The inner key/value pairs are treated the same as the key/value pairs in the first analytic and checked for bias. I.e. when an individual inner key has been seen 24 times, the inner key is labeled "biased" if a value of 1 appeared 4 or less times; otherwise the inner key is labeled "unbiased". When the decision is made, the answer is checked against the "truth" flag, which was the leftmost digit in the value of the fifth occurrence of any of the outer keys which generated this inner key.

The four categories (true anomalies, false positives, false negatives, true negatives) of inner keys, and the format of output the analytic should generate, is the same as described above for the anomaly1 analytic. As in the second analytic, the only exception is the final output of "max occurrence of any key" is no longer a relevant value to tally.

Note that if packets are dropped, the analytic should not try to construct inner keys from incomplete information.

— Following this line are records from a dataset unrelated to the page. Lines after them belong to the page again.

fun switching_state ::
  "((nat \<Rightarrow> 'a) \<Rightarrow> nat \<Rightarrow> nat \<Rightarrow> 'a) \<Rightarrow> ((nat \<Rightarrow> 'a) \<Rightarrow> real) \<Rightarrow> real \<Rightarrow> (nat \<Rightarrow> 'a)
    \<Rightarrow> (nat \<Rightarrow> real \<times> real) \<Rightarrow> nat \<Rightarrow> (nat \<Rightarrow> 'a) \<times> bool \<times> bool" where
  "switching_state jump f d u0 vw 0 = (u0, False, False)"
| "switching_state jump f d u0 vw (Suc t) =
     (let (u, hi, lo) = switching_state jump f d u0 vw t;
          (v, w) = vw t;
          hi' = (hi \<or> f u - d/4 < v);
          lo' = (lo \<or> w < f u + d/4)
      in if hi' \<and> lo' then (jump u (Suc t), False, False) else (u, hi', lo'))"

definition switching_strategy ::
  "((nat \<Rightarrow> 'a) \<Rightarrow> nat \<Rightarrow> nat \<Rightarrow> 'a) \<Rightarrow> ((nat \<Rightarrow> 'a) \<Rightarrow> real) \<Rightarrow> real \<Rightarrow> (nat \<Rightarrow> 'a)
    \<Rightarrow> (real \<times> real) list \<Rightarrow> 'a" where
  "switching_strategy jump f d u0 l =
     fst (switching_state jump f d u0 (\<lambda>i. l ! i) (length l)) (length l)"

lemma switching_state_cong:
  "(\<And>i. i < t \<Longrightarrow> vw i = vw' i) \<Longrightarrow> switching_state jump f d u0 vw t = switching_state jump f d u0 vw' t"
  by (induction t) (auto simp: Let_def)

context
  fixes jump :: "(nat \<Rightarrow> 'a) \<Rightarrow> nat \<Rightarrow> nat \<Rightarrow> 'a" and f :: "(nat \<Rightarrow> 'a) \<Rightarrow> real"
    and d :: real and u0 :: "nat \<Rightarrow> 'a"
begin

abbreviation target :: "(nat \<Rightarrow> real \<times> real) \<Rightarrow> nat \<Rightarrow> nat \<Rightarrow> 'a" where
  "target vw t \<equiv> fst (switching_state jump f d u0 vw t)"

abbreviation seen_high :: "(nat \<Rightarrow> real \<times> real) \<Rightarrow> nat \<Rightarrow> bool" where
  "seen_high vw t \<equiv> fst (snd (switching_state jump f d u0 vw t))"

abbreviation seen_low :: "(nat \<Rightarrow> real \<times> real) \<Rightarrow> nat \<Rightarrow> bool" where
  "seen_low vw t \<equiv> snd (snd (switching_state jump f d u0 vw t))"

abbreviation switches_at :: "(nat \<Rightarrow> real \<times> real) \<Rightarrow> nat \<Rightarrow> bool" where
  "switches_at vw t \<equiv> (seen_high vw t \<or> f (target vw t) - d/4 < fst (vw t))
                   \<and> (seen_low vw t \<or> snd (vw t) < f (target vw t) + d/4)"

lemma switching_state_switch:
  "switches_at vw t \<Longrightarrow>
     switching_state jump f d u0 vw (Suc t) = (jump (target vw t) (Suc t), False, False)"
  by (simp add: Let_def split_beta)

lemma switching_state_no_switch:
  "\<not> switches_at vw t \<Longrightarrow> switching_state jump f d u0 vw (Suc t) =
     (target vw t, seen_high vw t \<or> f (target vw t) - d/4 < fst (vw t),
      seen_low vw t \<or> snd (vw t) < f (target vw t) + d/4)"
  by (simp add: Let_def split_beta)

declare switching_state.simps(2) [simp del]

lemma switching_phase:
  assumes "s \<le> t" and "\<And>j. s \<le> j \<Longrightarrow> j < t \<Longrightarrow> \<not> switches_at vw j"
  shows "target vw t = target vw s
    \<and> (seen_high vw t \<longleftrightarrow> seen_high vw s \<or> (\<exists>i. s \<le> i \<and> i < t \<and> f (target vw s) - d/4 < fst (vw i)))
    \<and> (seen_low vw t \<longleftrightarrow> seen_low vw s \<or> (\<exists>i. s \<le> i \<and> i < t \<and> snd (vw i) < f (target vw s) + d/4))"
  using assms
proof (induction t rule: dec_induct)
  case base
  show ?case by auto
next
  case (step m)
  have "\<not> switches_at vw m" using step.prems[of m] step.hyps by simp
  then have "switching_state jump f d u0 vw (Suc m) =
     (target vw m, seen_high vw m \<or> f (target vw m) - d/4 < fst (vw m),
      seen_low vw m \<or> snd (vw m) < f (target vw m) + d/4)"
    by (rule switching_state_no_switch)
  moreover have "target vw m = target vw s
    \<and> (seen_high vw m \<longleftrightarrow> seen_high vw s \<or> (\<exists>i. s \<le> i \<and> i < m \<and> f (target vw s) - d/4 < fst (vw i)))
    \<and> (seen_low vw m \<longleftrightarrow> seen_low vw s \<or> (\<exists>i. s \<le> i \<and> i < m \<and> snd (vw i) < f (target vw s) + d/4))"
    using step by simp
  ultimately show ?case using step.hyps by (auto simp: less_Suc_eq)
qed

lemma switches_at_phase_end:
  assumes "s \<le> m" and "\<And>j. s \<le> j \<Longrightarrow> j < m \<Longrightarrow> \<not> switches_at vw j"
    and "s \<le> t1" "t1 \<le> m" "f (target vw s) - d/4 < fst (vw t1)"
    and "s \<le> t2" "t2 \<le> m" "snd (vw t2) < f (target vw s) + d/4"
  shows "switches_at vw m"
proof -
  note phase = switching_phase[OF assms(1,2)]
  have "seen_high vw m \<or> f (target vw m) - d/4 < fst (vw m)"
  proof (cases "t1 < m")
    case True
    then show ?thesis using phase assms(3,5) by blast
  next
    case False
    then show ?thesis using phase assms(4,5) by simp
  qed
  moreover have "seen_low vw m \<or> snd (vw m) < f (target vw m) + d/4"
  proof (cases "t2 < m")
    case True
    then show ?thesis using phase assms(6,8) by blast
  next
    case False
    then show ?thesis using phase assms(7,8) by simp
  qed
  ultimately show ?thesis ..
qed

lemma playI_switching_strategy:
  "playI (switching_strategy jump f d u0) vw t = target vw t t"
proof -
  have "switching_state jump f d u0 (\<lambda>i. map vw [0..<t] ! i) t = switching_state jump f d u0 vw t"
    by (rule switching_state_cong) simp
  then show ?thesis by (simp add: playI_def switching_strategy_def)
qed
definition cyclic_tensor :: "(nat \<Rightarrow> nat \<Rightarrow> falg) \<Rightarrow> nat list \<Rightarrow> (word list \<Rightarrow>\<^sub>0 complex)" where
  "cyclic_tensor a is = tens (map (\<lambda>k. a (is!k) (is!((k+1) mod length is))) [0..<length is])"

lemma prod_lessThan_rotate: "(\<Prod>k<m. h ((k+1) mod m)) = (\<Prod>k<(m::nat). h k :: 'a :: comm_monoid_mult)"
proof (cases m)
  case (Suc m')
  have "(\<Prod>k<Suc m'. h ((k+1) mod Suc m')) = (\<Prod>k<m'. h (Suc k)) * h 0"
    by (simp del: prod.lessThan_Suc_shift add: prod.lessThan_Suc)
  also have "\<dots> = (\<Prod>k<Suc m'. h k)"
    by (simp del: prod.lessThan_Suc add: prod.lessThan_Suc_shift mult.commute)
  finally show ?thesis using Suc by simp
qed simp

lemma cyclic_sign_product:
  fixes u :: "nat \<Rightarrow> complex"
  assumes "odd m" and "\<And>k. k < m \<Longrightarrow> u k ^ 2 = 1"
  shows "(\<Prod>k<m. - (u k * u ((k+1) mod m))) = -1"
proof -
  have "(\<Prod>k<m. - (u k * u ((k+1) mod m))) = (-1) ^ m * ((\<Prod>k<m. u k) * (\<Prod>k<m. u ((k+1) mod m)))"
    by (simp add: prod_uminus prod.distrib)
  also have "\<dots> = (-1) ^ m * (\<Prod>k<m. u k ^ 2)"
    unfolding prod_lessThan_rotate by (simp add: power2_eq_square prod.distrib)
  finally show ?thesis using assms by simp
qed

lemma bij_betw_map_lists_length:
  assumes "bij_betw f A A"
  shows "bij_betw (map f) {xs. length xs = m \<and> set xs \<subseteq> A} {xs. length xs = m \<and> set xs \<subseteq> A}"
  using assms [unfolded bij_betw_def]
  by (intro bij_betw_byWitness [where f' = "map (inv_into A f)"])
    (auto intro!: map_idI inv_into_into simp: subset_iff f_inv_into_f, blast)

lemma cyclic_tensor_sum_eq_zero:
  fixes a :: "nat \<Rightarrow> nat \<Rightarrow> falg" and u :: "nat \<Rightarrow> complex"
  assumes perm: "bij_betw \<tau> A A" and sign: "\<And>i. i \<in> A \<Longrightarrow> u i ^ 2 = 1"
    and twisted: "\<And>i j. i \<in> A \<Longrightarrow> j \<in> A \<Longrightarrow> a (\<tau> i) (\<tau> j) = smult (- (u i * u j)) (a i j)"
    and "odd m"
  shows "(\<Sum>is\<in>{is. length is = m \<and> set is \<subseteq> A}. cyclic_tensor a is) = 0"
proof -
  define I where "I = {is. length is = m \<and> set is \<subseteq> A}"
  have flip: "cyclic_tensor a (map \<tau> is) = - cyclic_tensor a is" if "is \<in> I" for "is"
  proof -
    have "m > 0" using \<open>odd m\<close> by (rule odd_pos)
    have "a (map \<tau> is ! k) (map \<tau> is ! ((k+1) mod m))
        = smult (- (u (is!k) * u (is!((k+1) mod m)))) (a (is!k) (is!((k+1) mod m)))" if "k < m" for k
      using that \<open>m > 0\<close> \<open>is \<in> I\<close> by (auto simp: I_def intro!: twisted subsetD [OF _ nth_mem] mod_less_divisor)
    then have "cyclic_tensor a (map \<tau> is) = tens (map (\<lambda>k. smult (- (u (is!k) * u (is!((k+1) mod m))))
        (a (is!k) (is!((k+1) mod m)))) [0..<m])"
      using that unfolding cyclic_tensor_def length_map I_def
      by (intro arg_cong [where f = tens] map_cong) auto
    also have "\<dots> = smult (-1) (cyclic_tensor a is)"
      using that \<open>odd m\<close> \<open>m > 0\<close> cyclic_sign_product [of m "\<lambda>k. u (is!k)"]
      by (simp add: tens_smult cyclic_tensor_def I_def subset_iff sign)
    finally show ?thesis by (simp add: smult_minus_one)
  qed
  have "(\<Sum>is\<in>I. cyclic_tensor a is) = (\<Sum>is\<in>I. cyclic_tensor a (map \<tau> is))"
    unfolding I_def by (rule sum.reindex_bij_betw [OF bij_betw_map_lists_length [OF perm], symmetric])
  also have "\<dots> = - (\<Sum>is\<in>I. cyclic_tensor a is)"
    by (simp add: flip sum_negf)
  finally have sum_eq_neg: "(\<Sum>is\<in>I. cyclic_tensor a is) = - (\<Sum>is\<in>I. cyclic_tensor a is)" .
  have "Poly_Mapping.lookup (\<Sum>is\<in>I. cyclic_tensor a is) w = 0" for w
    using arg_cong [OF sum_eq_neg, of "\<lambda>x. Poly_Mapping.lookup x w"] by simp
  then show ?thesis unfolding I_def by (intro poly_mapping_eqI) simp
qed

definition centered :: "(nat \<Rightarrow> nat \<Rightarrow> falg) \<Rightarrow> nat \<Rightarrow> nat \<Rightarrow> falg" where
  "centered e i j = e i j - (if i = j then sc (1/2) else 0)"
(* Let $(X_0,X_1,\dots,X_n)$ be a centered Gaussian random vector. Then for any $x>0$, $$P\Big(\max_{j=1,\dots,n}|X_j-X_{j-1}|<x\Big)\le P\Big(\max_{j=1,\dots,n-1}|X_j-X_{j-1}|<x\Big)\,P\big(|X_n-E(X_n\mid\mathcal{F}_{n-1})|<x\big),$$ where $\mathcal{F}_{n-1}=\sigma(X_0,\dots,X_{n-1})$. *)

theory Defs
  imports "HOL-Probability.Probability"
begin

definition centered_gaussian_vector :: "'a measure \<Rightarrow> nat \<Rightarrow> (nat \<Rightarrow> 'a \<Rightarrow> real) \<Rightarrow> bool" where
  "centered_gaussian_vector M n X \<longleftrightarrow>
     (\<forall>i\<le>n. X i \<in> borel_measurable M) \<and>
     (\<forall>c :: nat \<Rightarrow> real.
        (AE \<omega> in M. (\<Sum>i\<le>n. c i * X i \<omega>) = 0) \<or>
        (\<exists>\<sigma>>0. distributed M lborel (\<lambda>\<omega>. \<Sum>i\<le>n. c i * X i \<omega>) (normal_density 0 \<sigma>)))"

definition gen_sigma :: "'a measure \<Rightarrow> nat \<Rightarrow> (nat \<Rightarrow> 'a \<Rightarrow> real) \<Rightarrow> 'a measure" where
  "gen_sigma M m X =
     sigma (space M) {X i -` A \<inter> space M | i A. i \<le> m \<and> A \<in> sets borel}"

end

theory Submission
  imports Defs
begin

text \<open>Write \<open>X n = P + Y\<close>, where \<open>P\<close> is the \<open>L\<^sup>2\<close>-projection of \<open>X n\<close> onto the span of
  \<open>X 0, \<dots>, X (n - 1)\<close>. The residual \<open>Y\<close> is centered normal and uncorrelated with these
  variables, so, the vector being Gaussian, the joint characteristic function of
  \<open>(X 0, \<dots>, X (n - 1), Y)\<close> factorises; uniqueness of the Fourier transform, applied one
  coordinate at a time, then makes \<open>Y\<close> independent of \<open>F = \<sigma>(X 0, \<dots>, X (n - 1))\<close>. Hence
  \<open>E(X n | F) = P\<close> and the last factor is \<open>P(|Y| < x)\<close>. The event on the left is
  \<open>A \<inter> {|Y + W| < x}\<close>, where \<open>A \<in> F\<close> is the event of the middle factor and
  \<open>W = P - X (n - 1)\<close> is \<open>F\<close>-measurable. By independence and Fubini its probability is at
  most \<open>P(A)\<close> times the supremum over \<open>w\<close> of \<open>P(|Y + w| < x)\<close>, which by Anderson's
  inequality for the symmetric unimodal normal density is \<open>P(|Y| < x)\<close>.\<close>

section \<open>Uniqueness of the Fourier transform for signed weights\<close>

lemma integrable_mult_bounded:
  fixes f h :: "'a \<Rightarrow> 'b::{real_normed_field, banach, second_countable_topology}"
  assumes f: "integrable M f" and h[measurable]: "h \<in> borel_measurable M"
    and bound: "\<And>\<omega>. norm (h \<omega>) \<le> 1"
  shows "integrable M (\<lambda>\<omega>. f \<omega> * h \<omega>)"
proof (rule Bochner_Integration.integrable_bound[OF f])
  have [measurable]: "f \<in> borel_measurable M" using f by auto
  show "(\<lambda>\<omega>. f \<omega> * h \<omega>) \<in> borel_measurable M" by measurable
  show "AE \<omega> in M. norm (f \<omega> * h \<omega>) \<le> norm (f \<omega>)"
    using bound by (auto simp: norm_mult intro!: mult_left_le)
qed

lemma char_distr_density:
  fixes g Z :: "'a \<Rightarrow> real"
  assumes [measurable]: "g \<in> borel_measurable M" "Z \<in> borel_measurable M" and "\<And>\<omega>. g \<omega> \<ge> 0"
  shows "char (distr (density M g) borel Z) u = (\<integral>\<omega>. of_real (g \<omega>) * iexp (u * Z \<omega>) \<partial>M)"
proof -
  have "char (distr (density M g) borel Z) u = (\<integral>\<omega>. iexp (u * Z \<omega>) \<partial>density M g)"
    unfolding char_def by (rule integral_distr) measurable
  also have "\<dots> = (\<integral>\<omega>. g \<omega> *\<^sub>R iexp (u * Z \<omega>) \<partial>M)"
    by (rule integral_density) (use assms in auto)
  finally show ?thesis by (simp add: scaleR_conv_of_real)
qed

lemma integral_indicator_distr_density:
  fixes g Z :: "'a \<Rightarrow> real"
  assumes [measurable]: "g \<in> borel_measurable M" "Z \<in> borel_measurable M" "C \<in> sets borel"
    and "\<And>\<omega>. g \<omega> \<ge> 0"
  shows "(\<integral>y. indicator C y \<partial>distr (density M g) borel Z) = (\<integral>\<omega>. g \<omega> * indicator C (Z \<omega>) \<partial>M)"
proof -
  have "(\<integral>y. indicator C y \<partial>distr (density M g) borel Z) =
        (\<integral>\<omega>. indicator C (Z \<omega>) \<partial>density M g :: real)"
    by (intro integral_distr) simp_all
  also have "\<dots> = (\<integral>\<omega>. g \<omega> *\<^sub>R indicator C (Z \<omega>) \<partial>M)"
    by (rule integral_density) (use assms in auto)
  finally show ?thesis by simp
qed

lemma real_distribution_distr_density:
  fixes g Z :: "'a \<Rightarrow> real"
  assumes g: "integrable M g" "\<And>\<omega>. g \<omega> \<ge> 0" "(\<integral>\<omega>. g \<omega> \<partial>M) = 1"
    and [measurable]: "Z \<in> borel_measurable M"
  shows "real_distribution (distr (density M g) borel Z)"
proof -
  have [measurable]: "g \<in> borel_measurable M" using g by auto
  have "emeasure (density M g) (space (density M g)) = ennreal (\<integral>\<omega>. g \<omega> \<partial>M)"
    using g by (simp add: emeasure_density nn_integral_eq_integral)
  then interpret prob_space "density M g"
    by (intro prob_spaceI) (simp add: g)
  show ?thesis by (rule real_distribution_distr) measurable
qed

lemma Levy_uniqueness_density:
  fixes g h Z :: "'a \<Rightarrow> real"
  assumes g: "integrable M g" "\<And>\<omega>. g \<omega> \<ge> 0" and h: "integrable M h" "\<And>\<omega>. h \<omega> \<ge> 0"
    and [measurable]: "Z \<in> borel_measurable M" "C \<in> sets borel"
    and char_eq: "\<And>u. (\<integral>\<omega>. of_real (g \<omega>) * iexp (u * Z \<omega>) \<partial>M) = (\<integral>\<omega>. of_real (h \<omega>) * iexp (u * Z \<omega>) \<partial>M)"
  shows "(\<integral>\<omega>. g \<omega> * indicator C (Z \<omega>) \<partial>M) = (\<integral>\<omega>. h \<omega> * indicator C (Z \<omega>) \<partial>M)"
proof -
  have [measurable]: "g \<in> borel_measurable M" "h \<in> borel_measurable M"
    using g h by auto
  define m where "m = (\<integral>\<omega>. g \<omega> \<partial>M)"
  have m_h: "m = (\<integral>\<omega>. h \<omega> \<partial>M)"
    using char_eq[of 0] by (simp add: m_def)
  have "m \<ge> 0"
    unfolding m_def using g by simp
  then consider "m = 0" | "m > 0"
    by fastforce
  then show ?thesis
  proof cases
    case 1
    then have "(\<integral>\<omega>. g \<omega> \<partial>M) = 0" "(\<integral>\<omega>. h \<omega> \<partial>M) = 0"
      using m_h by (simp_all add: m_def)
    then have "AE \<omega> in M. g \<omega> = 0" "AE \<omega> in M. h \<omega> = 0"
      using g h by (simp_all add: integral_nonneg_eq_0_iff_AE)
    then have "AE \<omega> in M. g \<omega> * indicator C (Z \<omega>) = 0" "AE \<omega> in M. h \<omega> * indicator C (Z \<omega>) = 0"
      by auto
    then show ?thesis by (simp add: integral_eq_zero_AE)
  next
    case 2
    have char_scaled: "char (distr (density M (\<lambda>\<omega>. f \<omega> / m)) borel Z) u =
        (\<integral>\<omega>. of_real (f \<omega>) * iexp (u * Z \<omega>) \<partial>M) / of_real m"
      if [measurable]: "f \<in> borel_measurable M" and "\<And>\<omega>. f \<omega> \<ge> 0" for f u
      using that 2 by (simp add: char_distr_density divide_simps mult_ac)
    have law: "real_distribution (distr (density M (\<lambda>\<omega>. f \<omega> / m)) borel Z)"
      if "integrable M f" "\<And>\<omega>. f \<omega> \<ge> 0" "(\<integral>\<omega>. f \<omega> \<partial>M) = m" for f
      using that 2 by (intro real_distribution_distr_density) auto
    have laws_eq: "distr (density M (\<lambda>\<omega>. g \<omega> / m)) borel Z = distr (density M (\<lambda>\<omega>. h \<omega> / m)) borel Z"
    proof (rule Levy_uniqueness)
      show "char (distr (density M (\<lambda>\<omega>. g \<omega> / m)) borel Z) =
            char (distr (density M (\<lambda>\<omega>. h \<omega> / m)) borel Z)"
        by (rule ext) (use char_eq g h in \<open>simp add: char_scaled\<close>)
    qed (use law[OF g] law[OF h] m_h in \<open>simp_all add: m_def\<close>)
    have "(\<integral>\<omega>. g \<omega> / m * indicator C (Z \<omega>) \<partial>M) =
          (\<integral>y. indicator C y \<partial>distr (density M (\<lambda>\<omega>. g \<omega> / m)) borel Z)"
      using 2 g by (subst integral_indicator_distr_density) auto
    also have "\<dots> = (\<integral>\<omega>. h \<omega> / m * indicator C (Z \<omega>) \<partial>M)"
      using 2 h by (subst laws_eq, subst integral_indicator_distr_density) auto
    finally show ?thesis using 2 by simp
  qed
qed
definition power_law :: "nat \<Rightarrow> nat \<Rightarrow> real \<Rightarrow> (nat \<Rightarrow> real) \<Rightarrow> bool" where
  "power_law n k \<alpha> x \<longleftrightarrow>
     (\<exists>c>0. \<forall>i\<in>{1..k}. sorted_sq n x ! (i - 1) = c * real i powr (- \<alpha>))"

definition struct_fun :: "nat \<Rightarrow> (nat \<Rightarrow> real) \<Rightarrow> nat \<Rightarrow> real" where
  "struct_fun n x p = inverse (sum_list (take p (sorted_sq n x)))"

definition sample_term :: "nat \<Rightarrow> (nat \<Rightarrow> real) \<Rightarrow> (nat \<Rightarrow> real) \<Rightarrow> nat \<Rightarrow> real" where
  "sample_term n u v k = Max ((\<lambda>p. real p * struct_fun n u p * struct_fun n v p) ` {1..k})"

end

theory Submission
  imports Defs "HOL-Analysis.Harmonic_Numbers" "HOL-Library.Multiset"
begin

(* Write H_a(p) = \<Sum>i=1..p. i^(-a). Under a power-law profile of rate a, s(p) = H_a(k) / H_a(p),
   so the sample term is the maximum over p of p * H_a(k)/H_a(p) * H_b(k)/H_b(p). The terms at
   p = 1 and p = k give the lower bounds k^(2-a-b) and k. Comparing H_a with the integral of
   t^(-a) bounds H_a(k)/H_a(p) by a constant times (k/p)^e for every e \<ge> max 0 (1 - a), with
   e > 0 when a = 1 because of the logarithm; if the exponent max 1 (2-a-b) can be split into
   two such exponents, every term is at most a constant times k^(max 1 (2-a-b)). The split is
   impossible only for {a, b} = {0, 1}, where the maximum is attained at p = 1 and equals
   k * H_1(k), which lies between k ln k and 2 k ln k. *)

definition gen_harm :: "real \<Rightarrow> nat \<Rightarrow> real" where
  "gen_harm a p = (\<Sum>i=1..p. real i powr - a)"

lemma gen_harm_Suc: "gen_harm a (Suc p) = gen_harm a p + real (Suc p) powr - a"
  by (simp add: gen_harm_def)

lemma gen_harm_Suc_0 [simp]: "gen_harm a (Suc 0) = 1"
  by (simp add: gen_harm_def)

lemma gen_harm_exponent_0: "gen_harm 0 k = real k"
  by (simp add: gen_harm_def)

lemma gen_harm_exponent_1: "gen_harm 1 k = harm k"
  by (simp add: gen_harm_def harm_def powr_minus)

lemma gen_harm_ge_1:
  assumes "1 \<le> p"
  shows "1 \<le> gen_harm a p"
  using assms
proof (induction p rule: dec_induct)
  case base
  then show ?case by (simp add: gen_harm_def)
next
  case (step p)
  then show ?case by (simp add: gen_harm_Suc add_increasing2)
qed

lemma powr_le_gen_harm:
  assumes "0 \<le> a" "1 \<le> p"
  shows "real p powr (1 - a) \<le> gen_harm a p"
proof -
  have "real p powr (1 - a) = (\<Sum>i=1..p. real p powr - a)"
    using assms by (simp add: powr_diff powr_minus divide_inverse)
  also have "\<dots> \<le> gen_harm a p"
    unfolding gen_harm_def using assms by (intro sum_mono) (auto intro!: powr_mono2')
  finally show ?thesis .
qed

The third counter field in the outer key datum can be monitored to insure a specific outer key is seen all 5 times it is needed.

A reasonable way to implement this analytic is with two expiring hash tables, one for outer keys and another for inner keys, and to expire keys from each via a least-recently used (LRU) strategy, as explained for the anomaly2 analytic. Outer keys will be emitted at most 5 times (but may be emitted less); individual inner keys will be encoded in the stream an unknown number of times.

Optional command-line switches in the serial reference implementations (C++ and Python):

-b = bundling factor = # of datums in one packet, default = 50
-t = check key for bias when appears this many times, default = 24
-m = key is biased if value=1 <= this many times, default = 4
-p = # of generators sending to me, only used to count STOP packets, default = 1
-c = 1 to print stats on packets received from each sender, default = 0
-a = size of active key set, default = 131072 (128K)

Additional implementation rules:

The two-level generator is hard-wired to use active set sizes of 131072 (128K) keys for both the outer keys it generates explicitly and the inner keys it generates implicitly. It is OK for the analytic to know and use this value (see the -a switch above), e.g. to setup expiring hash tables that keep only the most recently seen N keys. Since the analytic has no way of knowing which keys the generator keeps in its active sets, N should be larger than the active set size, so that it is unlikely to expire a key that the generator still treats as active. For both hash tables, a good value for N is 2x the active set size. Note that the size of the active set seen by the analytic is effectively a multiple of the number of generators contributing to the stream (see the -p switch), since the keys each generator emits do not overlap.
The truth flag cannot be used, except to check answers.